597142692 MH2 | Implement pending writes thread
db23aa825 MH2 | Implement direct channel and direct report methods
83e4370ae MH2 | Implement injectSensorData method of HalProxy
d0cd57d4c MH2 | Implement ScopeWakelock ctor and dtor
537c0274b MH2 | Add rough proxy callback postEvents method
f97a3f357 Multihal 2.0 - Small tweaks to sensorHandle handling
7a7235461 MultiHal 2.0 - setOperationMode and init direct channel flags
dc7a8e789 MultiHal 2.0 - Get sensors list from subhals
4b4c7b744 MultiHal 2.0 - activate, batch, flush methods of HalProxy
1638531df MultiHal 2.0 - proxying api calls helper methods
aacbf9485 Set up shell to use for unit tests
2879067dd Multihal 2.0 - Implement SubHal discovery
c34e6683b Add a sub-HAL implementation for testing multi-HAL
a689f8a65 Add skeleton for multihal 2.0
Bug: 136511617
Test: atest android.hardware.sensors@2.0-halproxy-unit-tests &&
vts-tradefed run commandAndExit vts --skip-all-system-status-check
--primary-abi-only --skip-preconditions --module VtsHalSensorsV2_0Target
Change-Id: Ibe92d40c92b70848526b0e941bbcffbaf81ffaf2
diff --git a/sensors/2.0/multihal/HalProxy.cpp b/sensors/2.0/multihal/HalProxy.cpp
new file mode 100644
index 0000000..49c5a0d
--- /dev/null
+++ b/sensors/2.0/multihal/HalProxy.cpp
@@ -0,0 +1,686 @@
+/*
+ * Copyright (C) 2019 The Android Open Source Project
+ *
+ * Licensed under the Apache License, Version 2.0 (the "License");
+ * you may not use this file except in compliance with the License.

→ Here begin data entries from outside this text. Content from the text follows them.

(* A finite simple graph $\Delta$ is invariant if and only if (a) every connected component of $\Delta$ is an invariant graph, and (b) no two distinct connected components of $\Delta$ having an odd number of edges are isomorphic.
   Context: A finite simple graph is called invariant if every graph automorphism induces an even permutation of its set of edges. *)

theory Defs
  imports "HOL-Combinatorics.Permutations"
begin

definition simple_graph :: "'a set \<Rightarrow> 'a set set \<Rightarrow> bool" where
  "simple_graph V E \<longleftrightarrow> finite V \<and>
     (\<forall>e\<in>E. \<exists>u v. u \<in> V \<and> v \<in> V \<and> u \<noteq> v \<and> e = {u, v})"

definition graph_aut :: "'a set \<Rightarrow> 'a set set \<Rightarrow> ('a \<Rightarrow> 'a) \<Rightarrow> bool" where
  "graph_aut V E \<sigma> \<longleftrightarrow> \<sigma> permutes V \<and>
     (\<forall>u\<in>V. \<forall>v\<in>V. {u, v} \<in> E \<longleftrightarrow> {\<sigma> u, \<sigma> v} \<in> E)"

definition edge_perm :: "'a set set \<Rightarrow> ('a \<Rightarrow> 'a) \<Rightarrow> 'a set \<Rightarrow> 'a set" where
  "edge_perm E \<sigma> = (\<lambda>e. if e \<in> E then \<sigma> ` e else e)"

definition invariant_graph :: "'a set \<Rightarrow> 'a set set \<Rightarrow> bool" where
  "invariant_graph V E \<longleftrightarrow> (\<forall>\<sigma>. graph_aut V E \<sigma> \<longrightarrow> evenperm (edge_perm E \<sigma>))"

definition adj :: "'a set set \<Rightarrow> 'a \<Rightarrow> 'a \<Rightarrow> bool" where
  "adj E u v \<longleftrightarrow> {u, v} \<in> E"

definition component :: "'a set \<Rightarrow> 'a set set \<Rightarrow> 'a \<Rightarrow> 'a set" where
  "component V E v = {u \<in> V. (adj E)\<^sup>*\<^sup>* v u}"

definition components :: "'a set \<Rightarrow> 'a set set \<Rightarrow> 'a set set" where
  "components V E = component V E ` V"

definition edges_on :: "'a set set \<Rightarrow> 'a set \<Rightarrow> 'a set set" where
  "edges_on E C = {e \<in> E. e \<subseteq> C}"

definition graph_iso :: "'a set \<Rightarrow> 'a set set \<Rightarrow> 'b set \<Rightarrow> 'b set set \<Rightarrow> bool" where
  "graph_iso V1 E1 V2 E2 \<longleftrightarrow> (\<exists>f. bij_betw f V1 V2 \<and>
     (\<forall>u\<in>V1. \<forall>v\<in>V1. {u, v} \<in> E1 \<longleftrightarrow> {f u, f v} \<in> E2))"

end

theory Submission
  imports Defs
begin

(*
  An automorphism permutes the connected components. If it maps a component C onto a
  different component D, then it restricts to an isomorphism C -> D, and swapping C and D
  along this isomorphism is an automorphism whose action on the edges is a product of
  |E(C)| disjoint transpositions. This proves necessity of both conditions. For
  sufficiency, induct on the number of moved vertices: an automorphism moving a vertex of
  a component C either maps C to another component, and then it splits off such a swap
  (even, because condition (b) forces |E(C)| to be even), or it stabilises C, and then it
  splits off its restriction to C (even by condition (a)). What remains fixes C pointwise.
*)

lemma involution_split_transpose:
  fixes h :: "'a \<Rightarrow> 'a" and a :: 'a
  assumes "\<And>x. h (h x) = x"
  defines "h' \<equiv> h(a := a, h a := h a)"
  shows "h = Transposition.transpose a (h a) \<circ> h'" and "\<And>x. h' (h' x) = x"
proof -
  have h_a: "h x = a \<longleftrightarrow> x = h a" and h_ha: "h x = h a \<longleftrightarrow> x = a" for x
    using assms(1) by metis+
  show "h = Transposition.transpose a (h a) \<circ> h'"
    using h_a h_ha by (auto simp: fun_eq_iff h'_def transpose_def)
  show "\<And>x. h' (h' x) = x"
    using assms(1) h_a h_ha by (auto simp: h'_def)
qed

+ * You may obtain a copy of the License at
+ *
+ * http://www.apache.org/licenses/LICENSE-2.0
+ *
+ * Unless required by applicable law or agreed to in writing, software
+ * distributed under the License is distributed on an "AS IS" BASIS,
+ * WITHOUT WARRANTIES OR CONDITIONS OF ANY KIND, either express or implied.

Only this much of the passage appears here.